Source records:
____________
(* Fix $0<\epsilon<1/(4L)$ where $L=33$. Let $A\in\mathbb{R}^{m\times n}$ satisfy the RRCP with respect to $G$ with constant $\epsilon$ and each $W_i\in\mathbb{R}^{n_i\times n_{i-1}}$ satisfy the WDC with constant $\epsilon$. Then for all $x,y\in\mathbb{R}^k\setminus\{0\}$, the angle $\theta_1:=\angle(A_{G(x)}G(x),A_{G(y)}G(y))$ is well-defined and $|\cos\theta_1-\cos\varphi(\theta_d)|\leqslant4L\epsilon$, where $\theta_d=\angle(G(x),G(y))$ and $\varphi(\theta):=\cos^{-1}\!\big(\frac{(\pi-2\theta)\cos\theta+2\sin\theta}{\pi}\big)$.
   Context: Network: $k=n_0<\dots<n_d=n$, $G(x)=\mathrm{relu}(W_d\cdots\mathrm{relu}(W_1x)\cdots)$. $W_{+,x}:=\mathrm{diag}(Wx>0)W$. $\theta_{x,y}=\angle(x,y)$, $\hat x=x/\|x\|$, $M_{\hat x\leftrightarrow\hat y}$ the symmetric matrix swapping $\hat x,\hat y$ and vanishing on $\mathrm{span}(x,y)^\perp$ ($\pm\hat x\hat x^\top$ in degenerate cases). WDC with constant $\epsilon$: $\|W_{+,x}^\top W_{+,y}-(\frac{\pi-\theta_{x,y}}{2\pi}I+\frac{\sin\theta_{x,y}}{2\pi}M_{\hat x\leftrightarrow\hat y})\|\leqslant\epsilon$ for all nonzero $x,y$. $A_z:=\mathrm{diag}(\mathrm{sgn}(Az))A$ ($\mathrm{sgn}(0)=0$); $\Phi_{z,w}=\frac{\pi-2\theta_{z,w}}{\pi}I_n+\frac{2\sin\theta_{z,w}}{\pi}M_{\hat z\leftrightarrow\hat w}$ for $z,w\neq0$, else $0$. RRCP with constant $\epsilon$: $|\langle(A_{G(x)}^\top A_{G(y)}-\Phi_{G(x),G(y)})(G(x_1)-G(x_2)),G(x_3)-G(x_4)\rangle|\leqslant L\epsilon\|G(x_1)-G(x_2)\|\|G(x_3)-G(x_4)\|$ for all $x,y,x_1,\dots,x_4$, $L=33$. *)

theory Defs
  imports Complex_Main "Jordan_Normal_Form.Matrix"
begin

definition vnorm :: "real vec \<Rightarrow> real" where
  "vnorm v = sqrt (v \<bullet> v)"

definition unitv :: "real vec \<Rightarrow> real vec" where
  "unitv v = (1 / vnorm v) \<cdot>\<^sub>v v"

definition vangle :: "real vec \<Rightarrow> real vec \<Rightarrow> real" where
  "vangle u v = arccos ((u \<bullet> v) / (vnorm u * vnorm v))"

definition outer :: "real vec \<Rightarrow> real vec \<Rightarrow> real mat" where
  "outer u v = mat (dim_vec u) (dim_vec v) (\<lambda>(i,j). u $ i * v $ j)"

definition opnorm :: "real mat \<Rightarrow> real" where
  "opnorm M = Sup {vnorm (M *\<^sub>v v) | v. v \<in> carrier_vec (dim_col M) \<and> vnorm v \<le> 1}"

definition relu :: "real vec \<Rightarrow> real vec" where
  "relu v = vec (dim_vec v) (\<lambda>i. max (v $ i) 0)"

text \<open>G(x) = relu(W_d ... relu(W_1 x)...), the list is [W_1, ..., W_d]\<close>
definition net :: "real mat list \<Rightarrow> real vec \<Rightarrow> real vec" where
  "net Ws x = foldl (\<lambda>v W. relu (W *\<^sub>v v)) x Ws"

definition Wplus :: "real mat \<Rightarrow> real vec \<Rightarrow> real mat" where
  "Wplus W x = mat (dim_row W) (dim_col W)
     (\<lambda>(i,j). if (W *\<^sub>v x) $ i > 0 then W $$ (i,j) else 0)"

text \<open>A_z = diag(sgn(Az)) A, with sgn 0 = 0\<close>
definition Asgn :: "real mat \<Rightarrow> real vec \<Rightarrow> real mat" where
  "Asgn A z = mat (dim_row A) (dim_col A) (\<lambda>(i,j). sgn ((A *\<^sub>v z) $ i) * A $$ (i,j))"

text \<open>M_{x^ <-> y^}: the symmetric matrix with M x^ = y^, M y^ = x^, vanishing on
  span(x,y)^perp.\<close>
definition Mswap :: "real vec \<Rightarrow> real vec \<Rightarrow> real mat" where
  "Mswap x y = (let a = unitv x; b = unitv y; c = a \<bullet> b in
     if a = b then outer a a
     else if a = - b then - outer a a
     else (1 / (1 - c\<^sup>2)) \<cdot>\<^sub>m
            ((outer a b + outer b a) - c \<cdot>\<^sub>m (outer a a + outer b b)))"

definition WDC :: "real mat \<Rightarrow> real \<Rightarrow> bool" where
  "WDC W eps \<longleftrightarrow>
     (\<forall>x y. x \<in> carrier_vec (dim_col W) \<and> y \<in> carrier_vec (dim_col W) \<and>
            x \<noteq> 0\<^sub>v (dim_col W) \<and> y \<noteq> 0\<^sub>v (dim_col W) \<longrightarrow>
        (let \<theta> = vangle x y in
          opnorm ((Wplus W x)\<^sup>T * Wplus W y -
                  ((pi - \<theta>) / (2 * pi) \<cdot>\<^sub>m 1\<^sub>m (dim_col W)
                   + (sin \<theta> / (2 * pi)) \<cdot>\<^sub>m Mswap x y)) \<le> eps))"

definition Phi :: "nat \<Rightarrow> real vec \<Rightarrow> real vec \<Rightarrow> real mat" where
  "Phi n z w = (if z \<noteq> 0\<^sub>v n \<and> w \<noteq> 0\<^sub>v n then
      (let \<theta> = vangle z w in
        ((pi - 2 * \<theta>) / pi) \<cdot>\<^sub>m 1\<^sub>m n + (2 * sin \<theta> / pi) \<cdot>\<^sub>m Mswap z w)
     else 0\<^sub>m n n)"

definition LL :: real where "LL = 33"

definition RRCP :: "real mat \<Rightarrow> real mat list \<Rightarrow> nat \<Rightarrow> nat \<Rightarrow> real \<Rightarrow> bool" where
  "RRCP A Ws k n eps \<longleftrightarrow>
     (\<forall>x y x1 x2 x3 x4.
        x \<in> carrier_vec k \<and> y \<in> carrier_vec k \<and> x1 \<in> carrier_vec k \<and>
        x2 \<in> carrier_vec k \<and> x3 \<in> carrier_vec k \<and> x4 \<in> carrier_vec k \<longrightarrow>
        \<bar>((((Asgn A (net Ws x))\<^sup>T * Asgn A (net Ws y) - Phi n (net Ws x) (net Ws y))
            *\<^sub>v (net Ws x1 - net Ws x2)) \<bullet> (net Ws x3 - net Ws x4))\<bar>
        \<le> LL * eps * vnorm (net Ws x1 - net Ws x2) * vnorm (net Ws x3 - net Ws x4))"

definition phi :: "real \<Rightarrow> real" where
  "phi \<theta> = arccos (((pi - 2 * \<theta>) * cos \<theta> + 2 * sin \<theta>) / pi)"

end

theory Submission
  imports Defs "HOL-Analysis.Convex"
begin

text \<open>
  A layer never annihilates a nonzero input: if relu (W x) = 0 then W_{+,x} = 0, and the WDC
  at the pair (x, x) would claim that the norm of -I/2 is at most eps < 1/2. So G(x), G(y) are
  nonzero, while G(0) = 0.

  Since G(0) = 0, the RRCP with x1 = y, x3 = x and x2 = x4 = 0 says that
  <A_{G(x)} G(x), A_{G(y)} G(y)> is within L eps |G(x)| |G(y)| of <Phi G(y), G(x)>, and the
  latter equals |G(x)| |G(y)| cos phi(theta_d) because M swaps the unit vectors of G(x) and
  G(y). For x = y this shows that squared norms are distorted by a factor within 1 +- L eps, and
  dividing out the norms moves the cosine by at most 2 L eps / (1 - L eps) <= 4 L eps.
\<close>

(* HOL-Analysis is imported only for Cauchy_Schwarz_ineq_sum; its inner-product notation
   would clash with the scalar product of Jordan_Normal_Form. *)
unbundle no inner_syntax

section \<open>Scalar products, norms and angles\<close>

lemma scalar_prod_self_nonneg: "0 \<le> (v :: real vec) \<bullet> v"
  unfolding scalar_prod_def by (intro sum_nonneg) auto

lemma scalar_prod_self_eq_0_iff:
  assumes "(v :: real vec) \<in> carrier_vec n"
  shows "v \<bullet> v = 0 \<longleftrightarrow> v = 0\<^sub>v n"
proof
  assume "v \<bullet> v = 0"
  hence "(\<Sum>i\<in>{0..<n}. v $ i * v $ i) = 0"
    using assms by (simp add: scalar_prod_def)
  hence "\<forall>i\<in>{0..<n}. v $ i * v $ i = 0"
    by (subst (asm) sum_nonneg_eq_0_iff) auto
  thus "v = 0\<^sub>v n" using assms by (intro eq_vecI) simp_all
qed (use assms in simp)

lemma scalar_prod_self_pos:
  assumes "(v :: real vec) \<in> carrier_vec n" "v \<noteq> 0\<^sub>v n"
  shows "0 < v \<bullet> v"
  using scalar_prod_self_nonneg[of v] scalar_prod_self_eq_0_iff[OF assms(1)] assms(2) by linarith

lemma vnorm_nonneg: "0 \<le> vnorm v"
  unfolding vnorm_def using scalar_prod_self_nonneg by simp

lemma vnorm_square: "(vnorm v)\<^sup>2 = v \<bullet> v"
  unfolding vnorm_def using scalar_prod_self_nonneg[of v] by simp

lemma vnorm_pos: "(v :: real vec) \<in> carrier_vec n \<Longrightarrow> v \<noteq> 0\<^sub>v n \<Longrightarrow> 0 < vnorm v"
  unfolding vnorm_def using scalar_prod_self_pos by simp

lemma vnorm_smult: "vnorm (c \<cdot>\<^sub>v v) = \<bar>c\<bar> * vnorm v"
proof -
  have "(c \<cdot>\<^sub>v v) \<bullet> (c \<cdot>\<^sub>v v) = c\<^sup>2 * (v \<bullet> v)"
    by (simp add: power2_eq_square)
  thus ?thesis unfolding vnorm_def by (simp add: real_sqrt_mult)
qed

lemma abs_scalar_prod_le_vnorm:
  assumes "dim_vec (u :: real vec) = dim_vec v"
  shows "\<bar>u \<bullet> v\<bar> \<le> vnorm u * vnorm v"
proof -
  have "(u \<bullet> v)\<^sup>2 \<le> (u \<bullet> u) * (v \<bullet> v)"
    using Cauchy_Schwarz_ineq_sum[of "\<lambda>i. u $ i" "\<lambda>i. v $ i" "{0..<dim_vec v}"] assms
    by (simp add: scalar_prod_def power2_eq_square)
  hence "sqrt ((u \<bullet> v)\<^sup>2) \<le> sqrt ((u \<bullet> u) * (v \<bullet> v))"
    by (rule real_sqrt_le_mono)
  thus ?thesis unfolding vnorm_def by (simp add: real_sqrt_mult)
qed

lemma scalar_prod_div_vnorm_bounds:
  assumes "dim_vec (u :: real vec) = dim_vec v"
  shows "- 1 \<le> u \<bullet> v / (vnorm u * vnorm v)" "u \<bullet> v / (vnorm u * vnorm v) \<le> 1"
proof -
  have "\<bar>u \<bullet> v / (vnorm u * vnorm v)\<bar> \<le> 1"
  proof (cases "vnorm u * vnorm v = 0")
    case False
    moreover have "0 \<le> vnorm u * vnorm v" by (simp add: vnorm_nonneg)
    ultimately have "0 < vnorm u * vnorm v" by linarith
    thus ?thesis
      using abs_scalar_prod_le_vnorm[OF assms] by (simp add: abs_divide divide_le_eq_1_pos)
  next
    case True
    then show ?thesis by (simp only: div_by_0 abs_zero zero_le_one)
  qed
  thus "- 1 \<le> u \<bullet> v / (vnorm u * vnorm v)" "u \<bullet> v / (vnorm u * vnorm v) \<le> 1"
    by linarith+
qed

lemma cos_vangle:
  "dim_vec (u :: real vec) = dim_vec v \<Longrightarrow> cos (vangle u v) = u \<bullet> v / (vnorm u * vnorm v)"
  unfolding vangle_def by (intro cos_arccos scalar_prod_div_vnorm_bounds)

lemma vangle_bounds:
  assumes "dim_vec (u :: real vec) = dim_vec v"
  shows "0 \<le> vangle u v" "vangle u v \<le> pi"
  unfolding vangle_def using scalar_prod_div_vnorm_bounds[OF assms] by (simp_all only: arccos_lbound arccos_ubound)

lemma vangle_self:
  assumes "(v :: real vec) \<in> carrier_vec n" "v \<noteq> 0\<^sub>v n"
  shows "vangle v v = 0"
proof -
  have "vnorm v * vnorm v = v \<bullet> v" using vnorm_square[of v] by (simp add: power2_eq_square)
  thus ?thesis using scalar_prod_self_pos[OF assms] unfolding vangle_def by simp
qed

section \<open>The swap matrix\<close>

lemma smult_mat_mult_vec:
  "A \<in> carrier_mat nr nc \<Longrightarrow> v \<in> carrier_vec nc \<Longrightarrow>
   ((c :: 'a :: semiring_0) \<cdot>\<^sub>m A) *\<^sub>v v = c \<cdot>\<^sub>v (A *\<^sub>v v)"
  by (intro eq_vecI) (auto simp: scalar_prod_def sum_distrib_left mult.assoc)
____________
The answer must consist solely of the lines from the first line of the data to the line holding "sqrt (v \<bullet>", each given again exactly.

(* Fix $0<\epsilon<1/(4L)$ where $L=33$. Let $A\in\mathbb{R}^{m\times n}$ satisfy the RRCP with respect to $G$ with constant $\epsilon$ and each $W_i\in\mathbb{R}^{n_i\times n_{i-1}}$ satisfy the WDC with constant $\epsilon$. Then for all $x,y\in\mathbb{R}^k\setminus\{0\}$, the angle $\theta_1:=\angle(A_{G(x)}G(x),A_{G(y)}G(y))$ is well-defined and $|\cos\theta_1-\cos\varphi(\theta_d)|\leqslant4L\epsilon$, where $\theta_d=\angle(G(x),G(y))$ and $\varphi(\theta):=\cos^{-1}\!\big(\frac{(\pi-2\theta)\cos\theta+2\sin\theta}{\pi}\big)$.
   Context: Network: $k=n_0<\dots<n_d=n$, $G(x)=\mathrm{relu}(W_d\cdots\mathrm{relu}(W_1x)\cdots)$. $W_{+,x}:=\mathrm{diag}(Wx>0)W$. $\theta_{x,y}=\angle(x,y)$, $\hat x=x/\|x\|$, $M_{\hat x\leftrightarrow\hat y}$ the symmetric matrix swapping $\hat x,\hat y$ and vanishing on $\mathrm{span}(x,y)^\perp$ ($\pm\hat x\hat x^\top$ in degenerate cases). WDC with constant $\epsilon$: $\|W_{+,x}^\top W_{+,y}-(\frac{\pi-\theta_{x,y}}{2\pi}I+\frac{\sin\theta_{x,y}}{2\pi}M_{\hat x\leftrightarrow\hat y})\|\leqslant\epsilon$ for all nonzero $x,y$. $A_z:=\mathrm{diag}(\mathrm{sgn}(Az))A$ ($\mathrm{sgn}(0)=0$); $\Phi_{z,w}=\frac{\pi-2\theta_{z,w}}{\pi}I_n+\frac{2\sin\theta_{z,w}}{\pi}M_{\hat z\leftrightarrow\hat w}$ for $z,w\neq0$, else $0$. RRCP with constant $\epsilon$: $|\langle(A_{G(x)}^\top A_{G(y)}-\Phi_{G(x),G(y)})(G(x_1)-G(x_2)),G(x_3)-G(x_4)\rangle|\leqslant L\epsilon\|G(x_1)-G(x_2)\|\|G(x_3)-G(x_4)\|$ for all $x,y,x_1,\dots,x_4$, $L=33$. *)

theory Defs
  imports Complex_Main "Jordan_Normal_Form.Matrix"
begin

definition vnorm :: "real vec \<Rightarrow> real" where
  "vnorm v = sqrt (v \<bullet> v)"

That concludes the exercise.